YOUR ASSIGNMENT. For this exercise, return exactly the lines of the material below that begin at the one with "bij_betw lab (leaves" and stop after the one with "(\<forall>u\<in>V. \<forall>v\<in>V. 0".

++++++

(* Let $n\ge 2$. For every $T_1,T_2\in\mathcal{T}_n$, $\mathit{TD}'(T_1,T_2)$ is an even integer smaller than $2n-2$.
   Context: A phylogenetic tree is a finite rooted tree (arcs directed away from the root) with no node of outdegree $1$, whose leaves are injectively labeled. $\mathcal{T}_n$ denotes the set of phylogenetic trees with $n$ leaves labeled $1,\dots,n$, up to label-preserving isomorphism. Internal nodes are the non-leaf nodes; $\mathcal{L}(T)$ is the set of leaves. The height of a node is the length of a longest directed path from it to a leaf. The bottom-up ordering of $T=(V,E)\in\mathcal{T}_n$ is the unique injective map $\ell:V\to\{1,\dots,|V|\}$ such that: (a) for a leaf $v$, $\ell(v)$ is its label; (b) if $\mathrm{height}(u)<\mathrm{height}(v)$ then $\ell(u)<\ell(v)$; (c) if $0<\mathrm{height}(u)=\mathrm{height}(v)$ and $\min\{\ell(x): x \text{ child of } u\}<\min\{\ell(x): x\text{ child of } v\}$ then $\ell(u)<\ell(v)$. For a subset $S=\{i_1<\dots<i_k\}$ with $k\ge 2$, $\kappa(S)$ is the cyclic permutation $(i_1,i_2,\dots,i_k)$. The matching permutation of $T$ is $\pi(T)=\prod_{u\in V\setminus\mathcal{L}(T)}\kappa(\ell(\mathrm{children}(u)))$, regarded as an element of $\mathfrak{S}_{2n-2}$ fixing $|V|,\dots,2n-2$. Permutations are composed right to left. $\mathit{TD}'(T_1,T_2)$ is the least number of transpositions whose product is $\pi(T_2)^{-1}\pi(T_1)$ (zero if this is the identity). *)

theory Defs
  imports Main "HOL-Combinatorics.Cycles"
begin

text \<open>A rooted tree is given by a finite vertex set V, an arc relation E (arcs
  directed away from the root) and a leaf labelling lab.\<close>

definition children :: "('a \<times> 'a) set \<Rightarrow> 'a \<Rightarrow> 'a set" where
  "children E u = {w. (u, w) \<in> E}"

definition leaves :: "'a set \<Rightarrow> ('a \<times> 'a) set \<Rightarrow> 'a set" where
  "leaves V E = {v \<in> V. children E v = {}}"

definition phylo_tree :: "nat \<Rightarrow> 'a set \<Rightarrow> ('a \<times> 'a) set \<Rightarrow> ('a \<Rightarrow> nat) \<Rightarrow> bool" where
  "phylo_tree n V E lab \<longleftrightarrow>
     finite V \<and> E \<subseteq> V \<times> V \<and>
     (\<exists>r\<in>V. (\<forall>v. (v, r) \<notin> E) \<and> (\<forall>v\<in>V - {r}. \<exists>!u. (u, v) \<in> E) \<and> (\<forall>v\<in>V. (r, v) \<in> E\<^sup>*)) \<and>
     (\<forall>v\<in>V. card (children E v) \<noteq> 1) \<and>
     bij_betw lab (leaves V E) {1..n}"

definition height :: "('a \<times> 'a) set \<Rightarrow> 'a \<Rightarrow> nat" where
  "height E v = Max {k. \<exists>w. (v, w) \<in> E ^^ k}"

definition is_bottom_up :: "'a set \<Rightarrow> ('a \<times> 'a) set \<Rightarrow> ('a \<Rightarrow> nat) \<Rightarrow> ('a \<Rightarrow> nat) \<Rightarrow> bool" where
  "is_bottom_up V E lab lo \<longleftrightarrow>
     inj_on lo V \<and> lo ` V \<subseteq> {1..card V} \<and> (\<forall>v. v \<notin> V \<longrightarrow> lo v = 0) \<and>
     (\<forall>v\<in>leaves V E. lo v = lab v) \<and>
     (\<forall>u\<in>V. \<forall>v\<in>V. height E u < height E v \<longrightarrow> lo u < lo v) \<and>
     (\<forall>u\<in>V. \<forall>v\<in>V. 0 < height E u \<and> height E u = height E v \<and>
        Min (lo ` children E u) < Min (lo ` children E v) \<longrightarrow> lo u < lo v)"

definition bottom_up :: "'a set \<Rightarrow> ('a \<times> 'a) set \<Rightarrow> ('a \<Rightarrow> nat) \<Rightarrow> 'a \<Rightarrow> nat" where
  "bottom_up V E lab = (THE lo. is_bottom_up V E lab lo)"

definition kappa :: "nat set \<Rightarrow> nat \<Rightarrow> nat" where
  "kappa S = cycle_of_list (sorted_list_of_set S)"

text \<open>Matching permutation: product (composition, right to left) of the cycles
  kappa(l(children u)) over all internal nodes u (taken in order of their labels;
  the cycles are disjoint, so the order is immaterial).\<close>
definition match_perm :: "'a set \<Rightarrow> ('a \<times> 'a) set \<Rightarrow> ('a \<Rightarrow> nat) \<Rightarrow> nat \<Rightarrow> nat" where
  "match_perm V E lab =
     (let lo = bottom_up V E lab
      in foldr (\<lambda>k f. kappa (lo ` children E (inv_into V lo k)) \<circ> f)
           (sorted_list_of_set (lo ` (V - leaves V E))) id)"

definition trans_dist :: "nat \<Rightarrow> (nat \<Rightarrow> nat) \<Rightarrow> nat" where
  "trans_dist n p = (LEAST k. \<exists>ts :: (nat \<times> nat) list. length ts = k \<and>
      (\<forall>(a, b) \<in> set ts. a \<noteq> b \<and> a \<in> {1..2*n-2} \<and> b \<in> {1..2*n-2}) \<and>
      foldr (\<lambda>(a, b) f. transpose a b \<circ> f) ts id = p)"

definition TD' :: "nat \<Rightarrow> 'a set \<times> ('a \<times> 'a) set \<times> ('a \<Rightarrow> nat) \<Rightarrow>
    'b set \<times> ('b \<times> 'b) set \<times> ('b \<Rightarrow> nat) \<Rightarrow> nat" where
  "TD' n T1 T2 = (case T1 of (V1, E1, lab1) \<Rightarrow> case T2 of (V2, E2, lab2) \<Rightarrow>
      trans_dist n (inv (match_perm V2 E2 lab2) \<circ> match_perm V1 E1 lab1))"

end

(* The bottom-up ordering l is the unique fixpoint of the operator that ranks the nodes
   lexicographically by height and by the least value of their children (leaves by their
   label). Ranks at height h only depend on values strictly below h, so the fixpoint can be
   built, and is determined, level by level. Every non-root node gets a value below
   l(root) <= |V| <= 2n - 1, hence pi(T) permutes {1..2n-2}. The cycle of an internal node u
   is a product of |children u| - 1 transpositions and these numbers add up to n - 1, so
   pi(T1) and pi(T2) have the same parity and pi(T2)^-1 pi(T1) is even. An even permutation
   of a (2n-2)-element set is a product of at most 2n-3 transpositions, and every
   factorisation of it into transpositions has even length. *)

theory Submission
  imports Defs "HOL-Library.Product_Lexorder"
begin

lemma card_below_mono:
  fixes g :: "'a \<Rightarrow> 'b::order"
  assumes "finite A" and "u \<in> A" and "g u < g v"
  shows "card {x\<in>A. g x < g u} < card {x\<in>A. g x < g v}"
proof (rule psubset_card_mono)
  show "{x\<in>A. g x < g u} \<subset> {x\<in>A. g x < g v}"
    using assms(2,3) by (auto intro: less_trans)
qed (use assms(1) in simp)
theorem mainTheorem17:
  fixes F K :: "'a::field set"
    and d :: nat
    and \<sigma> :: "nat \<Rightarrow> 'a \<Rightarrow> 'a"
    and \<alpha> \<alpha>s :: "nat \<Rightarrow> 'a"
    and \<omega> :: "nat \<Rightarrow> 'a"
    and Q :: "nat \<Rightarrow> nat \<Rightarrow> nat \<Rightarrow> 'a"
  assumes d4: "d \<ge> 4"
    and char: "\<forall>n::nat. 0 < n \<and> n \<le> d \<longrightarrow> (of_nat n :: 'a) \<noteq> 0"
    and subF: "is_subfield F" and subK: "is_subfield K" and FK: "F \<subseteq> K"
    and basis: "is_basis F K {0..<d} (\<lambda>i. if i = 0 then 1 else \<alpha> i)"
    and tr0: "\<forall>i\<in>{1..<d}. trace F K (\<alpha> i) = 0"
    and dual_in: "\<forall>j\<in>{1..<d}. \<alpha>s j \<in> K"
    and dual1: "\<forall>j\<in>{1..<d}. trace F K (\<alpha>s j) = 0"
    and dual: "\<forall>i\<in>{1..<d}. \<forall>j\<in>{1..<d}. trace F K (\<alpha> i * \<alpha>s j) = (if i = j then 1 else 0)"
    and emb: "\<forall>m\<in>{1..d}. is_embedding F K (\<sigma> m)"
    and emb1: "\<forall>x\<in>K. \<sigma> 1 x = x"
    and emb_dist: "\<forall>m\<in>{1..d}. \<forall>m'\<in>{1..d}. m \<noteq> m' \<longrightarrow> (\<exists>x\<in>K. \<sigma> m x \<noteq> \<sigma> m' x)"
    and emb_all: "\<forall>s. is_embedding F K s \<longrightarrow> (\<exists>m\<in>{1..d}. \<forall>x\<in>K. s x = \<sigma> m x)"
    and closure: "gen_field (F \<union> (\<Union>m\<in>{1..d}. \<sigma> m ` K)) = UNIV"
    and gal_Sd: "\<forall>\<pi>. \<pi> permutes {1..d} \<longrightarrow> (\<exists>g. gal_auto F g \<and> gal_perm K \<sigma> d g \<pi>)"
    and omega: "is_basis F (V2 F K \<sigma> d) {1..d * (d - 3) div 2} \<omega>"
    and QF: "\<forall>l i j. Q l i j \<in> F"
    and Qdef: "\<forall>a. (\<forall>j. a j \<in> F) \<longrightarrow>
        qmap \<sigma> d (\<Sum>j\<in>{1..<d}. a j * \<alpha> j)
          = (\<Sum>l\<in>{1..d * (d - 3) div 2}. qform (d - 1) (Q l) a * \<omega> l)"
  shows "\<forall>l\<in>{1..d * (d - 3) div 2}.
           qform (d - 1) (Q l) \<alpha>s = 0
         \<and> (\<forall>m\<in>{1..d}. (\<exists>i\<in>{1..<d}. \<sigma> m (\<alpha>s i) \<noteq> 0)
                       \<and> qform (d - 1) (Q l) (\<lambda>i. \<sigma> m (\<alpha>s i)) = 0)"
proof -
  have two: "(2::'a) \<noteq> 0"
    using char[rule_format, of 2] d4 by simp
  interpret trace_dual_basis F K d \<sigma> \<alpha> \<alpha>s
  proof
    show "is_basis F K {..<d} (\<lambda>i. if i = 0 then 1 else \<alpha> i)"
      using basis by (simp add: atLeast0LessThan)
    show "\<exists>x\<in>K. \<sigma> (Suc m) x \<noteq> \<sigma> (Suc m') x" if "m < d" "m' < d" "m \<noteq> m'" for m m'
      using emb_dist that by simp
    show "(of_nat d :: 'a) \<noteq> 0"
      using char d4 by simp
  qed (use subF subK FK emb tr0 dual_in dual1 dual in auto)
  have vanish: "qform (d - 1) (Q l) \<alpha>s = 0" if "l \<in> {1..d * (d - 3) div 2}" for l
    using qforms_vanish_at_dual_basis[OF d4 two omega QF[rule_format] Qdef[rule_format] that] .
  have vanish_conjugate: "qform (d - 1) (Q l) (\<lambda>i. \<sigma> m (\<alpha>s i)) = 0"
    if l: "l \<in> {1..d * (d - 3) div 2}" and m: "m \<in> {1..d}" for l m
  proof -
    have "i \<in> {1..d - 1} \<Longrightarrow> \<alpha>s i \<in> K" for i using dual_in by auto
    from qform_embedding[where C = "Q l" and n = "d - 1" and x = \<alpha>s,
        OF embedding_\<sigma>[OF m] subK FK QF[rule_format] this]
    show ?thesis
      unfolding vanish[OF l] embedding_zero[OF embedding_\<sigma>[OF m] subK] by (rule sym)
  qed
  have nonzero: "\<exists>i\<in>{1..<d}. \<sigma> m (\<alpha>s i) \<noteq> 0" if "m \<in> {1..d}" for m
    using dual_basis_embedding_nonzero[OF _ that] d4 by simp
  show ?thesis
    using vanish vanish_conjugate nonzero by blast
qed

end
(* Let $F\in\mathbb{R}[x,y,t,s]$ be square-free, with no factor depending only on $(t,s)$, and such that the leading coefficient of $F$ with respect to $y$ does not depend on $x$. Let $M(x,t,s)=\sqrt{D_y(F)}$ and $R(t,s)=D_x(M)$, and assume $R$ is not identically zero. Let $t_0\in\mathbb{R}$ be such that $t-t_0$ is not a factor of $R(t,s)$. Then: (i) $\mathrm{Res}_x(M,M_x)$ specializes well at $t=t_0$, i.e. $\mathrm{Res}_x(M,M_x)(t_0,s)=\mathrm{Res}_x\big(M(x,t_0,s),M_x(x,t_0,s)\big)$, where $M_x=\partial M/\partial x$; (ii) $M(x,t_0,s)$ is square-free as a polynomial in the variable $x$. The analogous statements hold for $s_0\in\mathbb{R}$ such that $s-s_0$ is not a factor of $R(t,s)$, with the specialization $s=s_0$.
   Context: For a polynomial $G$ and a variable $w$, $D_w(G):=\mathrm{Res}_w(G,\partial G/\partial w)$, and $\sqrt{G}$ denotes the square-free part of $G$. By convention $M:=0$ if $\deg_y F=0$ and $R:=0$ if $\deg_x M=0$. *)

theory Defs
  imports "Subresultants.Resultant_Prelim" "HOL-Computational_Algebra.Computational_Algebra" "HOL-Computational_Algebra.Field_as_Ring"
begin

text \<open>Multivariate polynomials are modelled as iterated univariate polynomials.
  Variable order (innermost first): s, t, x, y.
  So  real poly                    = R[s]
      real poly poly               = R[s][t]   ~ R[t,s]
      real poly poly poly          = R[s][t][x] ~ R[x,t,s]
      real poly poly poly poly     = R[s][t][x][y] ~ R[x,y,t,s]\<close>

definition D :: "'a::{comm_ring_1,semiring_no_zero_divisors} poly \<Rightarrow> 'a" where
  "D G = resultant G (pderiv G)"

definition sqfree_part :: "'a::{factorial_semiring,normalization_semidom_multiplicative} \<Rightarrow> 'a" where
  "sqfree_part G = (if G = 0 then 0 else \<Prod>p\<in>prime_factors G. p)"

text \<open>M(x,t,s) = sqrt(D_y F), with M := 0 if deg_y F = 0.\<close>
definition M_of :: "real poly poly poly poly \<Rightarrow> real poly poly poly" where
  "M_of F = (if degree F = 0 then 0 else sqfree_part (D F))"

definition R_of :: "real poly poly poly \<Rightarrow> real poly poly" where
  "R_of M = (if degree M = 0 then 0 else D M)"

text \<open>Specialisation t := t0 of an element of R[s][t] (gives element of R[s]).\<close>
definition eval_t :: "real \<Rightarrow> real poly poly \<Rightarrow> real poly" where
  "eval_t t0 c = poly c [:t0:]"

text \<open>Specialisation s := s0 of an element of R[s][t] (gives element of R[t]).\<close>
definition eval_s :: "real \<Rightarrow> real poly poly \<Rightarrow> real poly" where
  "eval_s s0 c = map_poly (\<lambda>a. poly a s0) c"

definition sqfree_in_x :: "'a::comm_semiring_1 poly \<Rightarrow> bool" where
  "sqfree_in_x P \<longleftrightarrow> P \<noteq> 0 \<and> (\<forall>g. degree g > 0 \<longrightarrow> \<not> (g ^ 2 dvd P))"

end

theory Submission
  imports Defs "Subresultants.Subresultant_Gcd"
begin

text \<open>That t - t0 does not divide R says exactly that the specialised discriminant Res_x(M, M_x) does
  not vanish. Then the specialisation cannot kill the leading coefficient of M in x, since otherwise
  that of M_x dies too and the first column of the specialised Sylvester matrix is zero. So the
  x-degrees of M and M_x are preserved, the resultant commutes with the specialisation, and the
  specialised M has a nonzero discriminant, which rules out any repeated factor of positive
  x-degree. Square-freeness of F and the conditions on its factors and leading coefficient are
  not needed for this.\<close>

lemma det_eq_0_if_zero_col:
  fixes A :: "'a :: comm_ring_1 mat"
  assumes "A \<in> carrier_mat n n" and "k < n" and "\<And>i. i < n \<Longrightarrow> A $$ (i, k) = 0"
  shows "det A = 0"
  using laplace_expansion_column[OF assms(1,2)] assms(3) by simp

lemma (in comm_ring_hom) resultant_hom_eq_0_if_lead_coeffs_vanish:
  assumes "hom (lead_coeff p) = 0" and "hom (lead_coeff q) = 0" and "degree p + degree q > 0"
  shows "hom (resultant p q) = 0"
proof -
  let ?m = "degree p" and ?n = "degree q"
  have "hom (resultant p q) = det (map_mat hom (sylvester_mat p q))"
    by (simp add: resultant_def)
  also have "\<dots> = 0"
  proof (rule det_eq_0_if_zero_col[of _ "?m + ?n" 0])
    show "map_mat hom (sylvester_mat p q) \<in> carrier_mat (?m + ?n) (?m + ?n)"
      using sylvester_carrier_mat[of p q] by simp
    fix i assume i: "i < ?m + ?n"
    then have "sylvester_mat p q $$ (i, 0) =
      (if i = 0 \<and> 0 < ?n then lead_coeff p else if i = ?n then lead_coeff q else 0)"
      using assms(3) by (subst sylvester_index_mat) auto
    then show "map_mat hom (sylvester_mat p q) $$ (i, 0) = 0"
      using i assms by (auto split: if_splits)
  qed (use assms(3) in simp)
  finally show ?thesis .
qed

lemma lead_coeff_pderiv:
  fixes p :: "'a :: {idom, ring_char_0} poly"
  shows "lead_coeff (pderiv p) = of_nat (degree p) * lead_coeff p"
  by (cases "degree p") (simp_all add: degree_pderiv coeff_pderiv coeff_eq_0)

lemma lead_coeff_hom_nonzero_if_resultant_pderiv:
  fixes h :: "'a :: {idom, ring_char_0} \<Rightarrow> 'b :: idom"
  assumes "idom_hom h" and "degree p > 0" and "h (resultant p (pderiv p)) \<noteq> 0"
  shows "h (lead_coeff p) \<noteq> 0"
proof
  interpret idom_hom h by fact
  assume lc: "h (lead_coeff p) = 0"
  have "h (lead_coeff (pderiv p)) = 0"
    using lc by (simp add: lead_coeff_pderiv hom_distribs)
  then have "h (resultant p (pderiv p)) = 0"
    using lc assms(2) by (intro resultant_hom_eq_0_if_lead_coeffs_vanish) auto
  with assms(3) show False by contradiction
qed

lemma sqfree_in_x_if_resultant_pderiv_nonzero:
  fixes P :: "'a :: {factorial_ring_gcd, semiring_gcd_mult_normalize} poly"
  assumes "P \<noteq> 0" and "resultant P (pderiv P) \<noteq> 0"
  shows "sqfree_in_x P"
  unfolding sqfree_in_x_def
proof (intro conjI allI impI notI)
  show "P = 0 \<Longrightarrow> False" using assms(1) by blast
  fix g :: "'a poly"
  assume "0 < degree g" and "g ^ 2 dvd P"
  then obtain k where k: "P = g ^ 2 * k" by (elim dvdE)
  have "pderiv P = g * (g * pderiv k + k * (2 * pderiv g))"
    unfolding k by (simp add: pderiv_mult pderiv_power_Suc power2_eq_square algebra_simps)
  then have "g dvd gcd P (pderiv P)"
    using k by (simp add: power2_eq_square)
  moreover have "gcd P (pderiv P) \<noteq> 0" using assms(1) by simp
  ultimately have "degree g \<le> degree (gcd P (pderiv P))"
    by (rule dvd_imp_degree_le)
  with \<open>0 < degree g\<close> have "resultant P (pderiv P) = 0"
    by (subst resultant_0_gcd) linarith
  with assms(2) show False by contradiction
qed

lemma resultant_pderiv_specialises:
  fixes h :: "'a :: {idom, ring_char_0} \<Rightarrow> 'b :: {factorial_ring_gcd, semiring_gcd_mult_normalize, ring_char_0}"
  assumes hom: "idom_hom h" and deg: "degree M > 0" and nz: "h (resultant M (pderiv M)) \<noteq> 0"
  shows "h (resultant M (pderiv M)) = resultant (map_poly h M) (map_poly h (pderiv M))
         \<and> sqfree_in_x (map_poly h M)"
proof -
  interpret idom_hom h by fact
  have lc: "h (lead_coeff M) \<noteq> 0"
    using lead_coeff_hom_nonzero_if_resultant_pderiv[OF assms] .
  have deg_M: "degree (map_poly h M) = degree M"
    by (rule Ring_Hom_Poly.degree_map_poly) (use lc in auto)
  have "h (lead_coeff (pderiv M)) \<noteq> 0"
    using lc deg by (simp add: lead_coeff_pderiv hom_distribs)
  then have deg_M': "degree (map_poly h (pderiv M)) = degree (pderiv M)"
    by (intro Ring_Hom_Poly.degree_map_poly) auto
  have res: "h (resultant M (pderiv M)) = resultant (map_poly h M) (map_poly h (pderiv M))"
    using resultant_map_poly[OF deg_M deg_M'] by simp
  have "sqfree_in_x (map_poly h M)"
  proof (rule sqfree_in_x_if_resultant_pderiv_nonzero)
    show "map_poly h M \<noteq> 0" using deg_M deg by auto
    show "resultant (map_poly h M) (pderiv (map_poly h M)) \<noteq> 0"
      using res nz by (simp add: map_poly_pderiv)
  qed
  with res show ?thesis by simp
qed

lemma idom_hom_eval_t: "idom_hom (eval_t t0)"
  unfolding eval_t_def by (rule poly_hom.idom_hom_axioms)

lemma eval_t_eq_0_iff_dvd: "eval_t t0 c = 0 \<longleftrightarrow> [:[:-t0:], 1:] dvd c"
  unfolding eval_t_def poly_eq_0_iff_dvd by simp

lemma idom_hom_eval_s: "idom_hom (eval_s s0)"
proof -
  interpret map_poly_idom_hom "\<lambda>a::real poly. poly a s0" ..
  show ?thesis unfolding eval_s_def by (rule idom_hom_axioms)
qed

lemma eval_s_eq_0_iff_dvd: "eval_s s0 c = 0 \<longleftrightarrow> [:[:-s0, 1:]:] dvd c"
proof -
  have "eval_s s0 c = 0 \<longleftrightarrow> (\<forall>n. [:-s0, 1:] dvd coeff c n)"
    unfolding eval_s_def poly_eq_iff by (simp add: poly_eq_0_iff_dvd)
  then show ?thesis by (simp add: const_poly_dvd_iff)
qed

theorem lemma11:
  fixes F :: "real poly poly poly poly"
  assumes sqf: "squarefree F"
    and no_ts_factor: "\<forall>g :: real poly poly. [:[:g:]:] dvd F \<longrightarrow> is_unit g"
    and lc: "degree (lead_coeff F) = 0"
    and Rnz: "R_of (M_of F) \<noteq> 0"
  shows "(\<forall>t0::real. \<not> ([:[:-t0:], 1:] dvd R_of (M_of F)) \<longrightarrow>
            eval_t t0 (resultant (M_of F) (pderiv (M_of F)))
              = resultant (map_poly (eval_t t0) (M_of F)) (map_poly (eval_t t0) (pderiv (M_of F)))
            \<and> sqfree_in_x (map_poly (eval_t t0) (M_of F)))
       \<and> (\<forall>s0::real. \<not> ([:[:-s0, 1:]:] dvd R_of (M_of F)) \<longrightarrow>
            eval_s s0 (resultant (M_of F) (pderiv (M_of F)))
              = resultant (map_poly (eval_s s0) (M_of F)) (map_poly (eval_s s0) (pderiv (M_of F)))
            \<and> sqfree_in_x (map_poly (eval_s s0) (M_of F)))"
proof -
  define M where "M = M_of F"
  have deg: "degree M > 0" and R: "R_of M = resultant M (pderiv M)"
    using Rnz unfolding M_def[symmetric] R_of_def D_def by (auto split: if_splits)
  show ?thesis unfolding M_def[symmetric] R
  proof (intro conjI allI impI)
    fix t0 :: real
    assume "\<not> [:[:-t0:], 1:] dvd resultant M (pderiv M)"
    then have "eval_t t0 (resultant M (pderiv M)) \<noteq> 0"
      by (simp add: eval_t_eq_0_iff_dvd)
    from resultant_pderiv_specialises[OF idom_hom_eval_t deg this]
    show "eval_t t0 (resultant M (pderiv M))
            = resultant (map_poly (eval_t t0) M) (map_poly (eval_t t0) (pderiv M))"
      and "sqfree_in_x (map_poly (eval_t t0) M)" by auto
  next
    fix s0 :: real
    assume "\<not> [:[:-s0, 1:]:] dvd resultant M (pderiv M)"
    then have "eval_s s0 (resultant M (pderiv M)) \<noteq> 0"
      by (simp add: eval_s_eq_0_iff_dvd)
    from resultant_pderiv_specialises[OF idom_hom_eval_s deg this]
    show "eval_s s0 (resultant M (pderiv M))
            = resultant (map_poly (eval_s s0) M) (map_poly (eval_s s0) (pderiv M))"
      and "sqfree_in_x (map_poly (eval_s s0) M)" by auto
  qed
qed

end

++++++

RESULT OF THE EXERCISE.
     bij_betw lab (leaves V E) {1..n}"

definition height :: "('a \<times> 'a) set \<Rightarrow> 'a \<Rightarrow> nat" where
  "height E v = Max {k. \<exists>w. (v, w) \<in> E ^^ k}"

definition is_bottom_up :: "'a set \<Rightarrow> ('a \<times> 'a) set \<Rightarrow> ('a \<Rightarrow> nat) \<Rightarrow> ('a \<Rightarrow> nat) \<Rightarrow> bool" where
  "is_bottom_up V E lab lo \<longleftrightarrow>
     inj_on lo V \<and> lo ` V \<subseteq> {1..card V} \<and> (\<forall>v. v \<notin> V \<longrightarrow> lo v = 0) \<and>
     (\<forall>v\<in>leaves V E. lo v = lab v) \<and>
     (\<forall>u\<in>V. \<forall>v\<in>V. height E u < height E v \<longrightarrow> lo u < lo v) \<and>
     (\<forall>u\<in>V. \<forall>v\<in>V. 0 < height E u \<and> height E u = height E v \<and>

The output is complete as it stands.